Saracen fumbled in his desk drawer for a marker pen and then highlighted the cases on his list that had been assumed to have evolved from contact with the Archers. What else did they have in common if it wasn’t the Archers? The answer was plain for Saracen to see. It was Palmer’s Green! Myra Archer had not brought plague to Palmer’s Green. Palmer’s Green had given it to her!

Saracen found that it was one thing to come to come up with a new theory but quite another when it came to finding evidence to support it. How could the place have given all these people plague? He threw his pen across the room in anger and frustration as he failed to come up with anything. Somewhere in the distance he heard the wail of sirens and was reminded that time was running out. Suddenly he saw his best line of approach. It was Francis Updale.

Updale had spent only one day at Palmer’s Green and yet he had contracted bubonic plague. Something he had done on that day had given him the disease. One day in Updale’s life had to be re-created. Saracen needed help and the Public Health Department was hors de combat. It would have to be MacQuillan.

MacQuillan had been sleeping in his clothes and smelt strongly of whisky. “We have to talk,” said Saracen.

“The time for talking’s over,” growled MacQuillan.

“It’s just beginning. Sober up,” said Saracen pushing his way past.

“What are you talking about?” grumbled MacQuillan, scratching his head.

“You and the others, you got it all wrong.
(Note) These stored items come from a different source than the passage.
lemma stww_le_of_cyclic_labelling:
  fixes f :: "nat \<Rightarrow> 'a"
  assumes f: "bij_betw f {..<n} V" and "finite S"
    and edges: "\<And>i j. i < n \<Longrightarrow> j < n \<Longrightarrow> {f i, f j} \<in> E \<Longrightarrow> (j + n - i) mod n \<in> S"
  shows "stww V E \<le> 3 * card S + 1"
proof -
  obtain Q where cs: "contraction_sequence {..<n} Q"
    and dyadic: "\<And>i. \<exists>C r. dyadic_cuts n r C \<and> Q i = cut_blocks n C"
    using dyadic_contraction_sequence[of n] by blast
  define P where "P = (\<lambda>i. (`) f ` Q i)"
  have Q: "Q i \<subseteq> Pow {..<n}" "finite (Q i)" for i
    using dyadic[of i] cut_blocks_subset_Pow finite_cut_blocks by (metis)+
  have "contraction_sequence (f ` {..<n}) P"
    unfolding P_def by (rule contraction_sequence_image[OF cs bij_betw_imp_inj_on[OF f] Q(1)])
  then have "contraction_sequence V P" using bij_betw_imp_surj_on[OF f] by simp
  moreover have "finite (P i)" for i using Q(2) by (simp add: P_def)
  moreover have "quot_red_degree {} E (P i) U \<le> 3 * card S + 1" if "U \<in> P i" for i U
  proof -
    obtain C r where cuts: "dyadic_cuts n r C" and "Q i = cut_blocks n C" using dyadic by blast
    moreover obtain x0 where "x0 < n" "U = f ` cut_block n C x0"
      using \<open>U \<in> P i\<close> \<open>Q i = cut_blocks n C\<close> by (auto simp: P_def cut_blocks_def)
    ultimately show ?thesis
      using quot_red_degree_cyclic_cut_blocks_le[OF edges \<open>finite S\<close> cuts] by (simp add: P_def)
  qed
  ultimately show ?thesis unfolding stww_def by (rule tww_le_of_red_degree_le)
qed

theorem mainTheorem3:
  fixes V :: "'a set" and E :: "'a set set"
  assumes "simple_graph V E" and "circulant V E"
  shows "stww V E \<le> 3 * max_degree V E + 1"
proof -
  have "finite V" using assms(1) by (simp add: simple_graph_def)
  obtain f S where "bij_betw f {..<card V} V" "finite S" "card S \<le> max_degree V E"
    and "\<And>i j. i < card V \<Longrightarrow> j < card V \<Longrightarrow> {f i, f j} \<in> E \<Longrightarrow> (j + card V - i) mod card V \<in> S"
    using circulant_cyclic_labelling[OF \<open>finite V\<close> assms(2)] by blast
  then have "stww V E \<le> 3 * card S + 1" by (intro stww_le_of_cyclic_labelling)
  with \<open>card S \<le> max_degree V E\<close> show ?thesis by linarith
qed

end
Myra Archer wasn’t the source of the epidemic at all. It was a place not a person. The source of the outbreak is the flats on Palmer’s green.”

MacQuillan looked at Saracen as if he were mad. “What the hell are you talking about?” he demanded.

“Get cleaned up and then we’ll talk,” said Saracen forcibly.

“Who do you think you are talking to!” exclaimed MacQuillan, trying to recover some semblance of dignity.

“Are you going to wash or am I going to stick your head under the tap?”